- [Saved data entries]
== Segment start ==
section \<open>Flags of nondegenerate subspaces and opposition\<close>

lemma insert_1_Suc_image_atLeastLessThan_Diff:
  assumes "2 \<le> j" "j < (m::nat)"
  shows "insert 1 (Suc ` ({1..<m - 1} - {j - 1})) = {1..<m} - {j}"
proof -
  have "Suc ` ({1..<m - 1} - {j - 1}) = {Suc 1..<m} - {j}"
    using assms by (simp add: image_set_diff image_Suc_atLeastLessThan)
  then show ?thesis
    using assms by auto
qed

lemma diff_image_atLeastLessThan_Diff:
  "(\<lambda>k. m - k) ` ({1..<m} - {m - 1}) = {1..<(m::nat)} - {1}"
proof
  show "{1..<m} - {1} \<subseteq> (\<lambda>k. m - k) ` ({1..<m} - {m - 1})"
  proof
    fix k assume "k \<in> {1..<m} - {1}"
    then have "k = m - (m - k)" "m - k \<in> {1..<m} - {m - 1}"
      by auto
    then show "k \<in> (\<lambda>k. m - k) ` ({1..<m} - {m - 1})"
      by blast
  qed
qed auto

definition nondegenerate_flag ::
  "((bit^'n::finite) set \<Rightarrow> (bit^'n) set) \<Rightarrow> (bit^'n) set \<Rightarrow> (bit^'n) set set \<Rightarrow> nat set \<Rightarrow> bool"
  where "nondegenerate_flag \<theta> W F J \<longleftrightarrow>
    (\<forall>X\<in>F. X \<subseteq> W \<and> nondegenerate \<theta> X) \<and> (\<forall>X\<in>F. \<forall>Y\<in>F. X \<subseteq> Y \<or> Y \<subseteq> X) \<and> vec.dim ` F = J"

context duality
begin

lemma nondegenerate_flag_cone:
  assumes W: "nondegenerate \<theta> W" and a: "a \<in> W" "polar_form \<theta> a a = 1"
    and F: "nondegenerate_flag \<theta> (W \<inter> polar \<theta> {a}) F J"
  shows "nondegenerate_flag \<theta> W
    (insert (vec.span {a}) ((\<lambda>X. vec.span (vec.span {a} \<union> X)) ` F)) (insert 1 (Suc ` J))"
proof -
  let ?P = "vec.span {a}"
  have P: "nondegenerate \<theta> ?P" "?P \<subseteq> W" "vec.dim ?P = 1"
    using nondegenerate_span_anisotropic[OF a(2)] dim_span_anisotropic[OF a(2)] W a(1)
    by (auto simp: nondegenerate_def span_singleton_subset_iff)
  have F_mem: "X \<subseteq> W" "X \<subseteq> polar \<theta> ?P" "nondegenerate \<theta> X" if "X \<in> F" for X
    using F that by (auto simp: nondegenerate_flag_def polar_span)
  have cone: "vec.span (?P \<union> X) \<subseteq> W" "nondegenerate \<theta> (vec.span (?P \<union> X))"
    "vec.dim (vec.span (?P \<union> X)) = Suc (vec.dim X)" if "X \<in> F" for X
  proof -
    show "vec.span (?P \<union> X) \<subseteq> W"
      using W P(2) F_mem(1)[OF that] by (intro vec.span_minimal) (auto simp: nondegenerate_def)
    show "nondegenerate \<theta> (vec.span (?P \<union> X))"
      using nondegenerate_span_Un[OF P(1) F_mem(3,2)[OF that]] .
    show "vec.dim (vec.span (?P \<union> X)) = Suc (vec.dim X)"
      using dim_Un_polar[OF P(1) _ F_mem(2)[OF that]] F_mem(3)[OF that] P(3)
      by (simp add: nondegenerate_def)
  qed
  have "?P \<subseteq> vec.span (?P \<union> X)" for X
    using vec.span_superset[of "?P \<union> X"] by blast
  moreover have "vec.span (?P \<union> X) \<subseteq> vec.span (?P \<union> Y) \<or> vec.span (?P \<union> Y) \<subseteq> vec.span (?P \<union> X)"
    if "X \<in> F" "Y \<in> F" for X Y
  proof -
    have "X \<subseteq> Y \<or> Y \<subseteq> X"
      using F that by (simp add: nondegenerate_flag_def)
    then show ?thesis
      by (meson Un_mono order_refl vec.span_mono)
  qed
  moreover have "vec.dim ` insert ?P ((\<lambda>X. vec.span (?P \<union> X)) ` F) = insert 1 (Suc ` J)"
  proof -
    have "(\<lambda>X. vec.dim (vec.span (?P \<union> X))) ` F = Suc ` vec.dim ` F"
      unfolding image_image using cone(3) by (rule image_cong[OF refl])
    moreover have "vec.dim ` F = J"
      using F by (simp add: nondegenerate_flag_def)
    ultimately show ?thesis
      using P(3) by (simp add: image_image)
  qed
  ultimately show ?thesis
    using P cone unfolding nondegenerate_flag_def by blast
qed

lemma nondegenerate_flag_complement:
  assumes W: "nondegenerate \<theta> W" and F: "nondegenerate_flag \<theta> W F J"
  shows "nondegenerate_flag \<theta> W ((\<lambda>X. W \<inter> polar \<theta> X) ` F) ((\<lambda>k. vec.dim W - k) ` J)"
proof -
  have X: "nondegenerate \<theta> (W \<inter> polar \<theta> X)" "vec.dim (W \<inter> polar \<theta> X) = vec.dim W - vec.dim X"
    if "X \<in> F" for X
  proof -
    have "X \<subseteq> W" "nondegenerate \<theta> X"
      using F that by (auto simp: nondegenerate_flag_def)
    then show "nondegenerate \<theta> (W \<inter> polar \<theta> X)"
      using nondegenerate_Int_polar[OF W] by blast
    have "vec.dim (W \<inter> polar \<theta> X) + vec.dim X = vec.dim W"
      using dim_Int_polar[OF W _ \<open>X \<subseteq> W\<close>] \<open>nondegenerate \<theta> X\<close> by (simp add: nondegenerate_def)
    then show "vec.dim (W \<inter> polar \<theta> X) = vec.dim W - vec.dim X"
      by simp
  qed
  have "vec.dim ` (\<lambda>X. W \<inter> polar \<theta> X) ` F = (\<lambda>k. vec.dim W - k) ` vec.dim ` F"
    unfolding image_image using X(2) by (rule image_cong[OF refl])
  then have "vec.dim ` (\<lambda>X. W \<inter> polar \<theta> X) ` F = (\<lambda>k. vec.dim W - k) ` J"
    using F by (simp add: nondegenerate_flag_def)
  moreover have "W \<inter> polar \<theta> X \<subseteq> W \<inter> polar \<theta> Y \<or> W \<inter> polar \<theta> Y \<subseteq> W \<inter> polar \<theta> X"
    if "X \<in> F" "Y \<in> F" for X Y
  proof -
    have "X \<subseteq> Y \<or> Y \<subseteq> X"
      using F that by (simp add: nondegenerate_flag_def)
    then show ?thesis
      using polar_antimono by blast
  qed
  ultimately show ?thesis
    using X(1) by (auto simp: nondegenerate_flag_def)
qed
== Segment end ==
Retype the lines from the one containing "using X(1) by" to the last line above. Change nothing and include no others.

- [ANSWER FOR THIS EXERCISE]
    using X(1) by (auto simp: nondegenerate_flag_def)
qed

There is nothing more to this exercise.